THE DATA -
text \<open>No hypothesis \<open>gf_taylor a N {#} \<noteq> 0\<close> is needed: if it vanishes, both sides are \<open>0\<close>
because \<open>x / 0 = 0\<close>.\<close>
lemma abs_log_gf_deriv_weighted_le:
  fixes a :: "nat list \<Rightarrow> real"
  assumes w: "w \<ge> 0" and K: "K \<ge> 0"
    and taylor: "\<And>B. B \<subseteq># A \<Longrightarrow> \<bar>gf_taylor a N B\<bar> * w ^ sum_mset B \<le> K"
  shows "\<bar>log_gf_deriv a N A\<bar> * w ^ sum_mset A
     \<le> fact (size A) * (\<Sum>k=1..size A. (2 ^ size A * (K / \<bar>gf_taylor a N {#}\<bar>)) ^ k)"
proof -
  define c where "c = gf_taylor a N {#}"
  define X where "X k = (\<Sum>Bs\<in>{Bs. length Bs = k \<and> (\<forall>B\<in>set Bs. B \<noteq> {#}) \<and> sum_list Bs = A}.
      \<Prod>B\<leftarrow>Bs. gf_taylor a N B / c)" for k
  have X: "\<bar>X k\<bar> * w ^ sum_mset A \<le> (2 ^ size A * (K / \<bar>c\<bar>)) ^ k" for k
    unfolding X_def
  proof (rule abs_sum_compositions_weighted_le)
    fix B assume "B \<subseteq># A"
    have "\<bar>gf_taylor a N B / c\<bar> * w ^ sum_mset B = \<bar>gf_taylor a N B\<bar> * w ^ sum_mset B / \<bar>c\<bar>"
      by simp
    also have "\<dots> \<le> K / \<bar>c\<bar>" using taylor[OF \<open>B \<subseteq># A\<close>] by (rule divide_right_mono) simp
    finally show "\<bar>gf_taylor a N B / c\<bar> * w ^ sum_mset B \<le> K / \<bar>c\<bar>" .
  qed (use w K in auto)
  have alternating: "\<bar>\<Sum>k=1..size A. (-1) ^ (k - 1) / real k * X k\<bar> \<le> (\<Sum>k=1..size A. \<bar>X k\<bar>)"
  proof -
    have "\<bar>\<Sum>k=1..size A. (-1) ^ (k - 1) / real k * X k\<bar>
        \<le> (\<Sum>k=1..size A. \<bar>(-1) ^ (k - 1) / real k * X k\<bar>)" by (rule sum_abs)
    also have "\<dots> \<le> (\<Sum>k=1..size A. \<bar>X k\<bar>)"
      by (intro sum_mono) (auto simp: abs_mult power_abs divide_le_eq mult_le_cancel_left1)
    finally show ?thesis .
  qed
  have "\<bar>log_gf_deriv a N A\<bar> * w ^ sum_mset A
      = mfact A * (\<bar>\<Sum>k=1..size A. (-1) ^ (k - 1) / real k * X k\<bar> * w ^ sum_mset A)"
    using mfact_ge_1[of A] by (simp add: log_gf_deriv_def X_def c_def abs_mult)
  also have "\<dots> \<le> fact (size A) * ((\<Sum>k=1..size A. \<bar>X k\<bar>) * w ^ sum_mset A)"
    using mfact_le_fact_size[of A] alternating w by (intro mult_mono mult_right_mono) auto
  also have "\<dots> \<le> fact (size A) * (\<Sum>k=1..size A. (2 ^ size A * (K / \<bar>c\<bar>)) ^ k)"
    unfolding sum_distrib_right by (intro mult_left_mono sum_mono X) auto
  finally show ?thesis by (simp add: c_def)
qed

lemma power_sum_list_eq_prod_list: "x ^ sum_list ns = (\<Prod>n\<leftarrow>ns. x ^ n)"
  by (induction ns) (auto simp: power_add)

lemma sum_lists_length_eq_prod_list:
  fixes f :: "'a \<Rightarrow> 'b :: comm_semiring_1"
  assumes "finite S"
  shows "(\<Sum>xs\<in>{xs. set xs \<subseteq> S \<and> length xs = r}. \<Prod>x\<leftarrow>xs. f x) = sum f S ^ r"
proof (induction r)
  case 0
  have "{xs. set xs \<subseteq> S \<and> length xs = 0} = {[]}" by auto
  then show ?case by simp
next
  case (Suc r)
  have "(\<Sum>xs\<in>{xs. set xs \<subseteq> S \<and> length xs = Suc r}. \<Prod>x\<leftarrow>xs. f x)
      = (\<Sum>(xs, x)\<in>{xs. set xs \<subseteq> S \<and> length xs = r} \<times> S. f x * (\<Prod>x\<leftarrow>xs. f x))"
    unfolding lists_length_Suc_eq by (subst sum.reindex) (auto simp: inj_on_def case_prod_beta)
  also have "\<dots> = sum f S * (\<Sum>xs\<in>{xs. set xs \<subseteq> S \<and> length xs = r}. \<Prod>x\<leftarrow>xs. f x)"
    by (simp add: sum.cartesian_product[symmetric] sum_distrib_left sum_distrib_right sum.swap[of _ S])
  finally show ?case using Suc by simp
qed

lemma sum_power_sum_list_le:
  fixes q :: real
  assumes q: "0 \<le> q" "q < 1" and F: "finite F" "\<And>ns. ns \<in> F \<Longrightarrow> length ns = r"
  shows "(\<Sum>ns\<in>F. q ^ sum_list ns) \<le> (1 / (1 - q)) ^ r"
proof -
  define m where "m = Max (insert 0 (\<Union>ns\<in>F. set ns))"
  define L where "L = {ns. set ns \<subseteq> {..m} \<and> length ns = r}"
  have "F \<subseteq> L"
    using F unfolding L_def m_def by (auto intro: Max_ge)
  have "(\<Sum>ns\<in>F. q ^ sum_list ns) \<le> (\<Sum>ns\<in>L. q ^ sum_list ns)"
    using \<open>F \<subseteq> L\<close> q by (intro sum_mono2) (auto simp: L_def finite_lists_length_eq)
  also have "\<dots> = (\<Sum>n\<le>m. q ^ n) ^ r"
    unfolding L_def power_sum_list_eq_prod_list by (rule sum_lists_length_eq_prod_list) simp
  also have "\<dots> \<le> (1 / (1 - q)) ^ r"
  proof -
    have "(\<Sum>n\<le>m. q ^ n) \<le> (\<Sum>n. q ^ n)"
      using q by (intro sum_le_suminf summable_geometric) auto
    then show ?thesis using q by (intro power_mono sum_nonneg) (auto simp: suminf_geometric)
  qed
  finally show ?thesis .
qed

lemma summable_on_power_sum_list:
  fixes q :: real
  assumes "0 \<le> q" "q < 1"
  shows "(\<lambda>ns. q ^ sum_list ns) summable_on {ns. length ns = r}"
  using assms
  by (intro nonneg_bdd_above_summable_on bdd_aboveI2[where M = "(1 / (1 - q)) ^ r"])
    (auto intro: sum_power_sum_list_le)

WHAT YOU ARE ASKED TO DO -
Wherever the word "lemma" appears in the listing, copy the line that holds it.

SOLUTION FOR THIS PROBLEM -
lemma abs_log_gf_deriv_weighted_le:
lemma power_sum_list_eq_prod_list: "x ^ sum_list ns = (\<Prod>n\<leftarrow>ns. x ^ n)"
lemma sum_lists_length_eq_prod_list:
lemma sum_power_sum_list_le:
lemma summable_on_power_sum_list:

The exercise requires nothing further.